Each record should be returned exactly as it is written.

──────── DATA SUPPLIED ────────

(* Let $\xi^{(1)},\dots,\xi^{(N)}\in\mathbb{R}^D$, $\epsilon\in(0,1)$, and let $\alpha$, $\mathrm{SV}$, $\mathrm{BSV}\neq\emptyset$, $W$, $\gamma$ and the polyhedron $$\mathcal{U}=\Big\{\xi\in\mathbb{R}^D\ \Big|\ \exists\,\upsilon_n\in\mathbb{R}^D\ (n\in\mathrm{SV})\ \text{s.t.}\ \sum_{n\in\mathrm{SV}}\alpha_n\upsilon_n^\intercal\mathbf{1}\le\gamma,\ \ -\upsilon_n\le W(\xi-\xi^{(n)})\le\upsilon_n\ \ \forall n\in\mathrm{SV}\Big\}$$ be as described in the context. Let $y\in\mathbb{R}^p$, $H\in\mathbb{R}^{p\times D}$ and $\beta\in\mathbb{R}$. Then the robust constraint $$\max_{\xi\in\mathcal{U}}\ (H\xi)^\intercal y\le\beta$$ holds if and only if there exist $\pi\ge0$ and $\mu_n,\rho_n\in\mathbb{R}^D_{\ge0}$ for $n\in\mathrm{SV}$ such that $$\sum_{n\in\mathrm{SV}}(\mu_n-\rho_n)^\intercal W\xi^{(n)}+\pi\gamma\le\beta,\qquad \sum_{n\in\mathrm{SV}}W(\rho_n-\mu_n)+H^\intercal y=0,\qquad \rho_n+\mu_n=\pi\alpha_n\mathbf 1\ \ \forall n\in\mathrm{SV}.$$ (These are linear constraints in $(y,\beta,\pi,\mu,\rho)$ when $\beta$ is affine in $y$.)
   Context: Let $\Sigma$ be the (positive definite) covariance matrix of the samples and $W=\Sigma^{-1/2}$ (symmetric). For $d=1,\dots,D$ let $l_d=\xi_{d,\max}-\xi_{d,\min}$ (upper minus lower bound of the uncertainty in coordinate $d$). Kernel: $K(\xi^{1},\xi^{2})=\sum_{d=1}^D l_d-\Vert W(\xi^{1}-\xi^{2})\Vert_1$, with feature map $\phi$ into a Hilbert space satisfying $\phi(a)^\intercal\phi(b)=K(a,b)$. One-class support vector clustering solves $$\min_{R,o,\omega}\ R^2+\frac{1}{N\epsilon}\sum_{n=1}^N\omega_n\quad\text{s.t.}\quad \Vert\phi(\xi^{(n)})-o\Vert^2\le R^2+\omega_n,\ \ \omega_n\ge0,\ \ n=1,\dots,N.$$ Let $(R,o,\omega)$ be optimal with multipliers $\alpha,\beta'\in\mathbb{R}^N_{\ge0}$ satisfying the KKT conditions $\mathbf 1^\intercal\alpha=1$, $o=\sum_n\alpha_n\phi(\xi^{(n)})$, $\alpha+\beta'=\frac{1}{N\epsilon}\mathbf 1$, $\omega_n\beta'_n=0$, $\alpha_n(R^2+\omega_n-\Vert\phi(\xi^{(n)})-o\Vert^2)=0$. Let $\mathrm{SV}=\{n:\alpha_n>0\}$, $\mathrm{BSV}=\{n:0<\alpha_n<1/(N\epsilon)\}$, and for any $k\in\mathrm{BSV}$ let $\gamma=\sum_{n\in\mathrm{SV}}\alpha_n\Vert W(\xi^{(k)}-\xi^{(n)})\Vert_1$. Vector inequalities are componentwise and $\mathbf 1$ is the all-ones vector. *)

theory Defs
  imports "HOL-Analysis.Analysis"
begin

────────

◆ TASK ANSWER
(* Let $\xi^{(1)},\dots,\xi^{(N)}\in\mathbb{R}^D$, $\epsilon\in(0,1)$, and let $\alpha$, $\mathrm{SV}$, $\mathrm{BSV}\neq\emptyset$, $W$, $\gamma$ and the polyhedron $$\mathcal{U}=\Big\{\xi\in\mathbb{R}^D\ \Big|\ \exists\,\upsilon_n\in\mathbb{R}^D\ (n\in\mathrm{SV})\ \text{s.t.}\ \sum_{n\in\mathrm{SV}}\alpha_n\upsilon_n^\intercal\mathbf{1}\le\gamma,\ \ -\upsilon_n\le W(\xi-\xi^{(n)})\le\upsilon_n\ \ \forall n\in\mathrm{SV}\Big\}$$ be as described in the context. Let $y\in\mathbb{R}^p$, $H\in\mathbb{R}^{p\times D}$ and $\beta\in\mathbb{R}$. Then the robust constraint $$\max_{\xi\in\mathcal{U}}\ (H\xi)^\intercal y\le\beta$$ holds if and only if there exist $\pi\ge0$ and $\mu_n,\rho_n\in\mathbb{R}^D_{\ge0}$ for $n\in\mathrm{SV}$ such that $$\sum_{n\in\mathrm{SV}}(\mu_n-\rho_n)^\intercal W\xi^{(n)}+\pi\gamma\le\beta,\qquad \sum_{n\in\mathrm{SV}}W(\rho_n-\mu_n)+H^\intercal y=0,\qquad \rho_n+\mu_n=\pi\alpha_n\mathbf 1\ \ \forall n\in\mathrm{SV}.$$ (These are linear constraints in $(y,\beta,\pi,\mu,\rho)$ when $\beta$ is affine in $y$.)
   Context: Let $\Sigma$ be the (positive definite) covariance matrix of the samples and $W=\Sigma^{-1/2}$ (symmetric). For $d=1,\dots,D$ let $l_d=\xi_{d,\max}-\xi_{d,\min}$ (upper minus lower bound of the uncertainty in coordinate $d$). Kernel: $K(\xi^{1},\xi^{2})=\sum_{d=1}^D l_d-\Vert W(\xi^{1}-\xi^{2})\Vert_1$, with feature map $\phi$ into a Hilbert space satisfying $\phi(a)^\intercal\phi(b)=K(a,b)$. One-class support vector clustering solves $$\min_{R,o,\omega}\ R^2+\frac{1}{N\epsilon}\sum_{n=1}^N\omega_n\quad\text{s.t.}\quad \Vert\phi(\xi^{(n)})-o\Vert^2\le R^2+\omega_n,\ \ \omega_n\ge0,\ \ n=1,\dots,N.$$ Let $(R,o,\omega)$ be optimal with multipliers $\alpha,\beta'\in\mathbb{R}^N_{\ge0}$ satisfying the KKT conditions $\mathbf 1^\intercal\alpha=1$, $o=\sum_n\alpha_n\phi(\xi^{(n)})$, $\alpha+\beta'=\frac{1}{N\epsilon}\mathbf 1$, $\omega_n\beta'_n=0$, $\alpha_n(R^2+\omega_n-\Vert\phi(\xi^{(n)})-o\Vert^2)=0$. Let $\mathrm{SV}=\{n:\alpha_n>0\}$, $\mathrm{BSV}=\{n:0<\alpha_n<1/(N\epsilon)\}$, and for any $k\in\mathrm{BSV}$ let $\gamma=\sum_{n\in\mathrm{SV}}\alpha_n\Vert W(\xi^{(k)}-\xi^{(n)})\Vert_1$. Vector inequalities are componentwise and $\mathbf 1$ is the all-ones vector. *)

theory Defs
  imports "HOL-Analysis.Analysis"
begin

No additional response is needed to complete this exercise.